| Provided records |
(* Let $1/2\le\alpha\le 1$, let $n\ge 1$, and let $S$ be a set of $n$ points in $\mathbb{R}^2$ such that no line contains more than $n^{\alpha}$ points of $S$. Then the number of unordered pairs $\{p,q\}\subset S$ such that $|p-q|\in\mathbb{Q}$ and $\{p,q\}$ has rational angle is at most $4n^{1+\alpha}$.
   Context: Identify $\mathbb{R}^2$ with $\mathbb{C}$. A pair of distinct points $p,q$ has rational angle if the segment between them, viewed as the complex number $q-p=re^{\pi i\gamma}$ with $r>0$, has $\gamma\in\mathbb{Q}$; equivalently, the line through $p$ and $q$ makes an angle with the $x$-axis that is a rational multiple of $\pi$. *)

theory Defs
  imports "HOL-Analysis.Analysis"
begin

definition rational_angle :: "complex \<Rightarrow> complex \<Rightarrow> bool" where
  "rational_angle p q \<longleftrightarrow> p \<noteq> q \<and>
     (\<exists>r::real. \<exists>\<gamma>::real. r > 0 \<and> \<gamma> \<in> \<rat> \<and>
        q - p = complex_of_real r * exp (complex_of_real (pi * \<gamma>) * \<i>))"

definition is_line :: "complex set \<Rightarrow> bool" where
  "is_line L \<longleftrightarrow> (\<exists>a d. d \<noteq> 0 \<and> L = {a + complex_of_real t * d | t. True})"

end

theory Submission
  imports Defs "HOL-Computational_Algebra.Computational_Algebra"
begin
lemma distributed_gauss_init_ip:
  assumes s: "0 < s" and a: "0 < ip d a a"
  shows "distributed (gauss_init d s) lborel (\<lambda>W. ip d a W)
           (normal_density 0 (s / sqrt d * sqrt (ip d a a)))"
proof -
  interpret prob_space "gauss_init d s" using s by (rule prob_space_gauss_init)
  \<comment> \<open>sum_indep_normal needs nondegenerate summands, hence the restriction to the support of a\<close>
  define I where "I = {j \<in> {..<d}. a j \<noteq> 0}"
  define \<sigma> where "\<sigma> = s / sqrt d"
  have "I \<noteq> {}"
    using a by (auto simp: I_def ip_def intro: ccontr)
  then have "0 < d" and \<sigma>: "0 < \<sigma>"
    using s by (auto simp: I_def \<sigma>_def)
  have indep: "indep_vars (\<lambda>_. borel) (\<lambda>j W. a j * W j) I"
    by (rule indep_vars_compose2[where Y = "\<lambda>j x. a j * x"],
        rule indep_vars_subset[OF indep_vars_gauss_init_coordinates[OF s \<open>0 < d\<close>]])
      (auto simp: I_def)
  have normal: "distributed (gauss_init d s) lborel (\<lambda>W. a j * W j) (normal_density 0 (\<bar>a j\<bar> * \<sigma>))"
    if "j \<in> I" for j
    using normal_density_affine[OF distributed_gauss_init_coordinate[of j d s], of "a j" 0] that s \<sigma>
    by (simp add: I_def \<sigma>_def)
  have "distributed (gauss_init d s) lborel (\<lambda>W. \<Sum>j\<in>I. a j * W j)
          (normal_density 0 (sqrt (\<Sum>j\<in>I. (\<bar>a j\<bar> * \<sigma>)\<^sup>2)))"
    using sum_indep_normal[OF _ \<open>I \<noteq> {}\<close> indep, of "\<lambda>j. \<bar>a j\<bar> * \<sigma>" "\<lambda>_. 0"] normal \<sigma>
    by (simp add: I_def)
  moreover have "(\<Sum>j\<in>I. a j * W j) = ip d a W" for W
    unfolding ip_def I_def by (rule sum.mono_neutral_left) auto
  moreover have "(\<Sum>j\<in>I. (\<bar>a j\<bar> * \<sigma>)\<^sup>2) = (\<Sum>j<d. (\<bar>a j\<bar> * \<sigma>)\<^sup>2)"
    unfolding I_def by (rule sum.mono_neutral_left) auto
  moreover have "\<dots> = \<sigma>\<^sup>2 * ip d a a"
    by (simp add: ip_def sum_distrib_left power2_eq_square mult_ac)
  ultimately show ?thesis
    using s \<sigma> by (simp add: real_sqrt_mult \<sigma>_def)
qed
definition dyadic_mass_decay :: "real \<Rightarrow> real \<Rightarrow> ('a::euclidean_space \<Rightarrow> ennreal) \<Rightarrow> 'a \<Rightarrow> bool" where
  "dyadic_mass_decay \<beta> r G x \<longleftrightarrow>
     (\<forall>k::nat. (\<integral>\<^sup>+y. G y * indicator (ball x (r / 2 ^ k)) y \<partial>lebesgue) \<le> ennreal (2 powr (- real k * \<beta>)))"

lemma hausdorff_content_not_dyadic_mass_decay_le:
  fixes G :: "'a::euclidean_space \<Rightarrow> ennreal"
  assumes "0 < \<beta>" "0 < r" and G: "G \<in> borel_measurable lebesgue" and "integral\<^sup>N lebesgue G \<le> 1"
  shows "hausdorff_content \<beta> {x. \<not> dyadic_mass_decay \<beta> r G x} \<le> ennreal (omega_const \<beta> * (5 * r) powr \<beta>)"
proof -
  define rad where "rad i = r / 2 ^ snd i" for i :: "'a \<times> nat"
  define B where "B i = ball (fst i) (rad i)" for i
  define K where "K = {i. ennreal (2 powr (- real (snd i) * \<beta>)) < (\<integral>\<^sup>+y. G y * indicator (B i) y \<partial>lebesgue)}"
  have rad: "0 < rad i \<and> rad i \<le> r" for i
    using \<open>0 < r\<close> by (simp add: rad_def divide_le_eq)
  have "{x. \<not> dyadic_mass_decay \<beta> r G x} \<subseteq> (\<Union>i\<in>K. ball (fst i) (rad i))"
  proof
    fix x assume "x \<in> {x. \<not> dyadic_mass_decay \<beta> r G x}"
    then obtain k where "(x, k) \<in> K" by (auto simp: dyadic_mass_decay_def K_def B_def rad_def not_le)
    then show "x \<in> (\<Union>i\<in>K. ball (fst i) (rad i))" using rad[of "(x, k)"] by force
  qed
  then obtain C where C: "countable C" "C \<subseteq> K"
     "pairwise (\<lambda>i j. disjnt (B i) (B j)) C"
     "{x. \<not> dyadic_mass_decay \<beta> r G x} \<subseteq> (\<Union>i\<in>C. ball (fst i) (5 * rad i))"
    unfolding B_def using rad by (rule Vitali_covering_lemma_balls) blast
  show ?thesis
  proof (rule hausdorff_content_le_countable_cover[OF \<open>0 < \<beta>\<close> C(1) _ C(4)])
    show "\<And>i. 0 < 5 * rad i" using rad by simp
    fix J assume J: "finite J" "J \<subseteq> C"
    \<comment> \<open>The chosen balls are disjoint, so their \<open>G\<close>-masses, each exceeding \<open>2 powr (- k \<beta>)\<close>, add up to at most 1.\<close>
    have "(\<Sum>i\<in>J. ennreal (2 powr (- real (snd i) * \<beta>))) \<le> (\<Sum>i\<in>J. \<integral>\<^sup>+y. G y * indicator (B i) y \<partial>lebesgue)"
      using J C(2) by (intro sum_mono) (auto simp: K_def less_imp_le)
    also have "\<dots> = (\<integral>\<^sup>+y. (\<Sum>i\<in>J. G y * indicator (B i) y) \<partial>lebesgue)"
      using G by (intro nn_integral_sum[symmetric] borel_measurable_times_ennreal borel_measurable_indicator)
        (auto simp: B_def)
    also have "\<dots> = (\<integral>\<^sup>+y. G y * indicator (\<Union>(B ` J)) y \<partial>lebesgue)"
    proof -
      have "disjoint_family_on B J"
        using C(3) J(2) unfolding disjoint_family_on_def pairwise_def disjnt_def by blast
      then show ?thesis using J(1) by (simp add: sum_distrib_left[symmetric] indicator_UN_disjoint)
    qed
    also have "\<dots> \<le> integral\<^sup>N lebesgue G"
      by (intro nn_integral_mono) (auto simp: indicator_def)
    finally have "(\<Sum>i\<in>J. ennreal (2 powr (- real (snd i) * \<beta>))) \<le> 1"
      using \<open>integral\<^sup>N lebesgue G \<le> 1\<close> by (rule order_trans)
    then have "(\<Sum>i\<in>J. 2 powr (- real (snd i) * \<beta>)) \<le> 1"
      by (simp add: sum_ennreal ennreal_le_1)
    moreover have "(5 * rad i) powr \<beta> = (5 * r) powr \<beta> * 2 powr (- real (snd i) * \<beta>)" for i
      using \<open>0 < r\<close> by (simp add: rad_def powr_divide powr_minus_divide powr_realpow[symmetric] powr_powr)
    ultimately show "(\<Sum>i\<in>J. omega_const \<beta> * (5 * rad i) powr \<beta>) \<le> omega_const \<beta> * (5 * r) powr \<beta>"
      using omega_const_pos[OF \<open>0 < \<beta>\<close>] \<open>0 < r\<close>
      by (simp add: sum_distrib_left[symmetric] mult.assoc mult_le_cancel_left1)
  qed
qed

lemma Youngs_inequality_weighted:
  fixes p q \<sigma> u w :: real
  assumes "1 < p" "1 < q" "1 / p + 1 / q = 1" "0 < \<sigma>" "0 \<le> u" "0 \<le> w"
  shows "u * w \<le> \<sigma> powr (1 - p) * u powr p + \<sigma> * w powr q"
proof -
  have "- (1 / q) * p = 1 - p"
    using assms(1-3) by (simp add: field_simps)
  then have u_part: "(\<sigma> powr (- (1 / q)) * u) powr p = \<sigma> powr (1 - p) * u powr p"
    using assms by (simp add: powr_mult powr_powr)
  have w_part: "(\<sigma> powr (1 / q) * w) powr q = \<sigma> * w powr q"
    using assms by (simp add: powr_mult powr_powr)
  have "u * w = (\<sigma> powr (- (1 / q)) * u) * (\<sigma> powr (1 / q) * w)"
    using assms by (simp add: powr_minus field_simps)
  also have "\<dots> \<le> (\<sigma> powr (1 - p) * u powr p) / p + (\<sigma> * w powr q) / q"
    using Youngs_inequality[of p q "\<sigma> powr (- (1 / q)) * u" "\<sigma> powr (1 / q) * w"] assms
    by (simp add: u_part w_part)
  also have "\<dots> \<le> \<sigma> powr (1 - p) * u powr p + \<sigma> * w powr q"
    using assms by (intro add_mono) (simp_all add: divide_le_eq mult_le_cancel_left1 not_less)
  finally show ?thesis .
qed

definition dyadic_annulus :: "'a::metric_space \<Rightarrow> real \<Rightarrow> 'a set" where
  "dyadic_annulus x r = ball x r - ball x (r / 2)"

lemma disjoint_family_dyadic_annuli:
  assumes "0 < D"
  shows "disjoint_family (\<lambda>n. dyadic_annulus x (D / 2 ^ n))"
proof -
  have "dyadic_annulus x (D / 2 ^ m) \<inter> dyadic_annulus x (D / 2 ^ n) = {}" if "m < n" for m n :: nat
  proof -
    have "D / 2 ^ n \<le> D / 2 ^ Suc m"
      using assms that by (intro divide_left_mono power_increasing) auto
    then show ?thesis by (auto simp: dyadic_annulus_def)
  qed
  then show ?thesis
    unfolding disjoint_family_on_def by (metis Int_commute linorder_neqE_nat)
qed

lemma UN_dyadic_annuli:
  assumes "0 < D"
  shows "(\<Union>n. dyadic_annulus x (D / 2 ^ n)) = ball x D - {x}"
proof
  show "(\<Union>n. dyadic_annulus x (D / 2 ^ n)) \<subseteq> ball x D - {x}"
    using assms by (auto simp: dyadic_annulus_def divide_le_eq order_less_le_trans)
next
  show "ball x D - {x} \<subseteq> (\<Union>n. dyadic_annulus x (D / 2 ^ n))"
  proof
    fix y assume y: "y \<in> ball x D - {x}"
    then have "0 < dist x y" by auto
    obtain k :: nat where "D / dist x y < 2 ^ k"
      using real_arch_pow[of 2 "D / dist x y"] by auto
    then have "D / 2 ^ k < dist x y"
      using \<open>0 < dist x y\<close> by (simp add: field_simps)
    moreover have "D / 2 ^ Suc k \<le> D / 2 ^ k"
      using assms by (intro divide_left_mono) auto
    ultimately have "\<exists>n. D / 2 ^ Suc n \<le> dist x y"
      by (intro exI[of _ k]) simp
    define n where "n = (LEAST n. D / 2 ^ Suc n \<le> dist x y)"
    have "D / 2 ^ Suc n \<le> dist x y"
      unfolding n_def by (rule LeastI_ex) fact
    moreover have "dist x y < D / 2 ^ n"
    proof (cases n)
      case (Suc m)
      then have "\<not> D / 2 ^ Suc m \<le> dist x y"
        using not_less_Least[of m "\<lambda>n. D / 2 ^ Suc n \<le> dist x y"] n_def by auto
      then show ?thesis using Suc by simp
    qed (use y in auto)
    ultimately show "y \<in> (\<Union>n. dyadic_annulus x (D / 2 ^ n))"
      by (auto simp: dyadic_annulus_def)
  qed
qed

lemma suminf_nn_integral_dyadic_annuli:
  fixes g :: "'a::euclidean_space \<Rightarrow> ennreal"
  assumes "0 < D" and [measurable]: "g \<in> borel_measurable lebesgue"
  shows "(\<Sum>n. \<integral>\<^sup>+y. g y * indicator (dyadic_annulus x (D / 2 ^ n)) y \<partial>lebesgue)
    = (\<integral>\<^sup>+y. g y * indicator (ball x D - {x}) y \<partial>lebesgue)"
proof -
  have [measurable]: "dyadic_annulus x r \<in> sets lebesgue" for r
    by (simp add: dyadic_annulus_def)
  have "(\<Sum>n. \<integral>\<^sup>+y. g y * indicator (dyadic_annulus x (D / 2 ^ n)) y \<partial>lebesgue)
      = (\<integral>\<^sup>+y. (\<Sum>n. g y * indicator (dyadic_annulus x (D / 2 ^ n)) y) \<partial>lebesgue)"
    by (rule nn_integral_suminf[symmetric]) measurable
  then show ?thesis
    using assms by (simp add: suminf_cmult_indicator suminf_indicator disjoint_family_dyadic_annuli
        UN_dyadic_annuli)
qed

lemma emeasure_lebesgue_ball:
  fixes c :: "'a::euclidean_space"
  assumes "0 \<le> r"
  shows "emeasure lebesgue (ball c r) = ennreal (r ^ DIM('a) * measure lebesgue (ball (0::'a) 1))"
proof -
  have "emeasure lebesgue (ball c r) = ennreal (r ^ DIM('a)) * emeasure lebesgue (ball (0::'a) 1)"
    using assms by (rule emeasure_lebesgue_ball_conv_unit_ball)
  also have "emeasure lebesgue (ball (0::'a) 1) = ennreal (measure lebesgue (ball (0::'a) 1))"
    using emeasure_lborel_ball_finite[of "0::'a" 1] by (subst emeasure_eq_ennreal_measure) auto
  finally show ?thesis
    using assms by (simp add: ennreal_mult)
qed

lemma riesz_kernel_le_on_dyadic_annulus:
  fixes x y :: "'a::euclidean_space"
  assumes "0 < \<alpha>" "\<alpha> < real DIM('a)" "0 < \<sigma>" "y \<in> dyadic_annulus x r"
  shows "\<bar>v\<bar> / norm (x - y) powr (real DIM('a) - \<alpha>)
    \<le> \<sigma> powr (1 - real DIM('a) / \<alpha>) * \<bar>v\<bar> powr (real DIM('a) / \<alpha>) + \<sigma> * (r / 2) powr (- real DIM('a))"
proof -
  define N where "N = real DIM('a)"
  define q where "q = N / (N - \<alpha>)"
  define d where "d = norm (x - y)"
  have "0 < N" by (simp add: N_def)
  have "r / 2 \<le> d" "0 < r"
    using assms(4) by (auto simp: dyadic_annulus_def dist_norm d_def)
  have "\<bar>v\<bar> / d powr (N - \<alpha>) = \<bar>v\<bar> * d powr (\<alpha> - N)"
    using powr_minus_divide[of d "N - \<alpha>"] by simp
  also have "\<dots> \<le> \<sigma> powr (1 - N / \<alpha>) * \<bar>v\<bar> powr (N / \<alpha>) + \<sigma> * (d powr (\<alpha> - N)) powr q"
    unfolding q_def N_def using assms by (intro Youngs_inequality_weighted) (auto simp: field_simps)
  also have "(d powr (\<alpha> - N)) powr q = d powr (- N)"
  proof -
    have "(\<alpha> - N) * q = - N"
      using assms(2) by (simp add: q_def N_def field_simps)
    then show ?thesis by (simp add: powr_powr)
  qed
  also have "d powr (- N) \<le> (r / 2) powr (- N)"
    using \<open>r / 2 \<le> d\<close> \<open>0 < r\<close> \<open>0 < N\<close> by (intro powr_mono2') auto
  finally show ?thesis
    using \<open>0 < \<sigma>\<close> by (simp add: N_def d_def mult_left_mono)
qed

| Aim of the exercise |
From the first line of the data through the line with "(\<exists>r::real. \<exists>\<gamma>::real. r", quote each line exactly and add nothing else.

| Solution for this task |
(* Let $1/2\le\alpha\le 1$, let $n\ge 1$, and let $S$ be a set of $n$ points in $\mathbb{R}^2$ such that no line contains more than $n^{\alpha}$ points of $S$. Then the number of unordered pairs $\{p,q\}\subset S$ such that $|p-q|\in\mathbb{Q}$ and $\{p,q\}$ has rational angle is at most $4n^{1+\alpha}$.
   Context: Identify $\mathbb{R}^2$ with $\mathbb{C}$. A pair of distinct points $p,q$ has rational angle if the segment between them, viewed as the complex number $q-p=re^{\pi i\gamma}$ with $r>0$, has $\gamma\in\mathbb{Q}$; equivalently, the line through $p$ and $q$ makes an angle with the $x$-axis that is a rational multiple of $\pi$. *)

theory Defs
  imports "HOL-Analysis.Analysis"
begin

definition rational_angle :: "complex \<Rightarrow> complex \<Rightarrow> bool" where
  "rational_angle p q \<longleftrightarrow> p \<noteq> q \<and>
     (\<exists>r::real. \<exists>\<gamma>::real. r > 0 \<and> \<gamma> \<in> \<rat> \<and>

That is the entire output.